Pinaki Nath Chowdhury

Pinaki Nath Chowdhury

My research project

My publications


Ayan Kumar Bhunia, PINAKI NATH CHOWDHURY, ANEESHAN SAIN, YONGXIN YANG, TAO XIANG, YI-ZHE SONG (2021)More Photos are All You Need: Semi-Supervised Learning for Fine-Grained Sketch Based Image Retrieval

A fundamental challenge faced by existing Fine-Grained Sketch-Based Image Retrieval (FG-SBIR) models is the data scarcity – model performances are largely bottlenecked by the lack of sketch-photo pairs. Whilst the number of photos can be easily scaled, each corresponding sketch still needs to be individually produced. In this paper, we aim to mitigate such an upper-bound on sketch data, and study whether unlabelled photos alone (of which they are many) can be cultivated for performance gain. In particular, we introduce a novel semi-supervised framework for cross-modal retrieval that can additionally leverage large-scale unla-belled photos to account for data scarcity. At the center of our semi-supervision design is a sequential photo-to-sketch generation model that aims to generate paired sketches for unlabelled photos. Importantly, we further introduce a discriminator-guided mechanism to guide against unfaithful generation, together with a distillation loss-based regu-larizer to provide tolerance against noisy training samples. Last but not least, we treat generation and retrieval as two conjugate problems, where a joint learning procedure is devised for each module to mutually benefit from each other. Extensive experiments show that our semi-supervised model yields a significant performance boost over the state-of-the-art supervised alternatives, as well as existing methods that can exploit unlabelled photos for FG-SBIR.
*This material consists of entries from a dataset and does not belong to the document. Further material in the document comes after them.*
lemma strip_msum_transfer:
  assumes "X \<subseteq> {1..int m}"
  shows "(of_int (strip_msum m \<sigma> ({1..int m} \<times> {1..int N} \<union> X \<times> {int N + 1})) :: 'a::comm_ring_1) =
    fold (\<lambda>j. transfer m (\<sigma> j)) [1..int N + 1] (init_state m) X"
  using assms
proof (induction N arbitrary: X)
  case 0
  have "finite X"
    using "0" by (rule finite_subset) simp
  have "transfer m (\<sigma> 1) (init_state m) X =
      subset_conv (\<lambda>Z. if Z = {} then 1 else 0) (\<lambda>W. of_int (column_msum m (\<sigma> 1) W) :: 'a) X"
    unfolding transfer_def if_P[OF "0"]
    by (intro subset_conv_cong) (use "0" in \<open>auto simp: flip_init_state\<close>)
  then show ?case
    using "0" \<open>finite X\<close> by (simp add: strip_msum_column subset_conv_unit_left)
next
  case (Suc N)
  let ?F = "fold (\<lambda>j. transfer m (\<sigma> j)) [1..int N + 1] (init_state m) :: int set \<Rightarrow> 'a"
  have "{1..int m} \<times> {1..int (Suc N)} \<union> X \<times> {int (Suc N) + 1} =
      {1..int m} \<times> {1..int N} \<union> {1..int m} \<times> {int N + 1} \<union> X \<times> {int N + 1 + 1}"
    by auto
  then have "strip_msum m \<sigma> ({1..int m} \<times> {1..int (Suc N)} \<union> X \<times> {int (Suc N) + 1}) =
      (\<Sum>Z\<in>Pow X. strip_msum m \<sigma> ({1..int m} \<times> {1..int N} \<union> ({1..int m} - Z) \<times> {int N + 1})
        * column_msum m (\<sigma> (int N + 1 + 1)) (X - Z))"
    using strip_msum_peel[of "{1..int m} \<times> {1..int N}" "int N + 1" "{1..int m}" X m \<sigma>] Suc.prems
    by (simp add: Int_absorb2)
  then have "of_int (strip_msum m \<sigma> ({1..int m} \<times> {1..int (Suc N)} \<union> X \<times> {int (Suc N) + 1})) =
      (\<Sum>Z\<in>Pow X. ?F ({1..int m} - Z) * of_int (column_msum m (\<sigma> (int N + 1 + 1)) (X - Z)))"
    by (simp only: of_int_sum of_int_mult Suc.IH[OF Diff_subset])
  also have "\<dots> = transfer m (\<sigma> (int N + 1 + 1)) ?F X"
    by (rule transfer_eq[symmetric]) (rule Suc.prems)
  also have "\<dots> = fold (\<lambda>j. transfer m (\<sigma> j)) [1..int (Suc N) + 1] (init_state m) X"
    using upto_rec2[of 1 "int N + 1 + 1"] by (simp add: add.commute)
  finally show ?case .
qed

lemma strip_msum_rectangle:
  "of_int (strip_msum m \<sigma> ({1..int m} \<times> {1..int N})) =
    fold (\<lambda>j. transfer m (\<sigma> j)) [1..int N] (init_state m) {1..int m}"
proof (cases N)
  case 0
  then show ?thesis
    by (simp add: init_state_def)
next
  case (Suc N')
  then have "{1..int m} \<times> {1..int N} = {1..int m} \<times> {1..int N'} \<union> {1..int m} \<times> {int N' + 1}"
    by auto
  then show ?thesis
    using strip_msum_transfer[of "{1..int m}" m \<sigma> N'] Suc by (simp add: add.commute)
qed

section \<open>The graphs G(m,n)\<close>

text \<open>column_sign n j is the weight of the vertical edges of G(m,n) in column j; for n \<le> 0 the
  weight 0 in the columns 1 and 2 - n stands for the absence of vertical edges there.\<close>

definition column_sign :: "int \<Rightarrow> int \<Rightarrow> int" where
  "column_sign n j = (if n \<ge> 1 then 1 else if 2 \<le> j \<and> j \<le> 1 - n then -1 else 0)"

lemma gverts_eq: "gverts m n = {1..int m} \<times> {1..gcols n}"
  unfolding gverts_def by auto

lemma gedges_subset_strip_edges:
  "gedges m n \<subseteq> {e \<in> strip_edges m. e \<subseteq> {1..int m} \<times> {1..gcols n}}"
proof
  fix e assume "e \<in> gedges m n"
  then consider (h) i j where "e = {(i, j), (i, j + 1)}" "1 \<le> i" "i \<le> int m" "1 \<le> j" "j + 1 \<le> gcols n"
    | (v) i j where "e = {(i, j), (i + 1, j)}" "1 \<le> i" "i + 1 \<le> int m" "1 \<le> j" "j \<le> gcols n"
    unfolding gedges_def ghedges_def gvedges_def gcols_def by (auto split: if_splits)
  then show "e \<in> {e \<in> strip_edges m. e \<subseteq> {1..int m} \<times> {1..gcols n}}"
    by cases (auto intro: strip_edges_horizontal strip_edges_vertical)
qed

lemma edge_weight_gedges:
  assumes "e \<in> gedges m n"
  shows "edge_weight (column_sign n) e = gsign m n e"
  using assms unfolding gedges_def
proof
  assume "e \<in> ghedges m n"
  then obtain i j where e: "e = {(i, j), (i, j + 1)}"
    unfolding ghedges_def by blast
  then have "e \<notin> gvedges m n"
    unfolding gvedges_def by (auto simp: doubleton_eq_iff)
  then show ?thesis
    using e by (simp add: gsign_def)
next
  assume "e \<in> gvedges m n"
  then show ?thesis
    unfolding gvedges_def by (auto simp: gsign_def column_sign_def gvedges_def split: if_splits)
qed

lemma edge_weight_not_gedges:
  assumes "e \<in> strip_edges m" "e \<subseteq> {1..int m} \<times> {1..gcols n}" "e \<notin> gedges m n"
  shows "edge_weight (column_sign n) e = 0"
  using assms(1)
proof (cases rule: strip_edges_cases)
  case (1 i j)
  then have "e \<in> ghedges m n"
    using assms(2) unfolding ghedges_def by auto
  then show ?thesis
    using assms(3) unfolding gedges_def by simp
next
  case (2 i j)
  then have "1 \<le> i" "i + 1 \<le> int m" "1 \<le> j" "j \<le> gcols n"
    using assms(2) by auto
  moreover have "e \<notin> gvedges m n"
    using assms(3) unfolding gedges_def by simp
  ultimately show ?thesis
    using 2 unfolding gvedges_def gcols_def column_sign_def by (auto split: if_splits)
qed

lemma MG_eq_strip_msum: "MG m n = strip_msum m (column_sign n) ({1..int m} \<times> {1..gcols n})"
proof -
  have "finite {e \<in> strip_edges m. e \<subseteq> {1..int m} \<times> {1..gcols n}}"
    by (rule finite_subset[of _ "Pow ({1..int m} \<times> {1..gcols n})"]) auto
  then have "strip_msum m (column_sign n) ({1..int m} \<times> {1..gcols n}) = MG m n"
    unfolding strip_msum_def MG_def gverts_eq
    using gedges_subset_strip_edges edge_weight_gedges edge_weight_not_gedges
    by (intro Msigned_add_zero_edges) auto
  then show ?thesis ..
qed

lemma MG_eq_transfer_pow:
  assumes "n \<ge> 1"
  shows "(of_int (MG m n) :: 'a::comm_ring_1) = (transfer m 1 ^^ nat n) (init_state m) {1..int m}"
proof -
  have n: "int (nat n) = n" "gcols n = n" "\<forall>j. column_sign n j = 1"
    using assms by (simp_all add: gcols_def column_sign_def)
  then show ?thesis
    using strip_msum_rectangle[where 'a = 'a, of m "column_sign n" "nat n"]
      fold_eq_funpow[of "[1..n]" "\<lambda>j. transfer m (column_sign n j) :: (int set \<Rightarrow> 'a) \<Rightarrow> _"
        "transfer m 1"]
    by (simp add: MG_eq_strip_msum)
qed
AYAN KUMAR BHUNIA, Shuvozit Ghose, Amandeep Kumar, Pinaki Nath Chowdhury, Aneeshan Sain, YI-ZHE SONG (2021)MetaHTR: Towards Writer-Adaptive Handwritten Text Recognition

Handwritten Text Recognition (HTR) remains a challenging problem to date, largely due to the varying writing styles that exist amongst us. Prior works however generally operate with the assumption that there is a limited number of styles, most of which have already been captured by existing datasets. In this paper, we take a completely different perspective – we work on the assumption that there is always a new style that is drastically different, and that we will only have very limited data during testing to perform adaptation. This creates a commercially viable solution – being exposed to the new style, the model has the best shot at adaptation, and the few-sample nature makes it practical to implement. We achieve this via a novel meta-learning framework which exploits additional new-writer data via a support set, and outputs a writer-adapted model via single gradient step update, all during inference (see Figure 1). We discover and leverage on the important insight that there exists few key characters per writer that exhibit relatively larger style discrepancies. For that, we additionally propose to meta-learn instance specific weights for a character-wise cross-entropy loss, which is specifically designed to work with the sequential nature of text data. Our writer-adaptive MetaHTR framework can be easily implemented on the top of most state-of-the-art HTR models. Experiments show an average performance gain of 5-7% can be obtained by observing very few new style data (≤ 16).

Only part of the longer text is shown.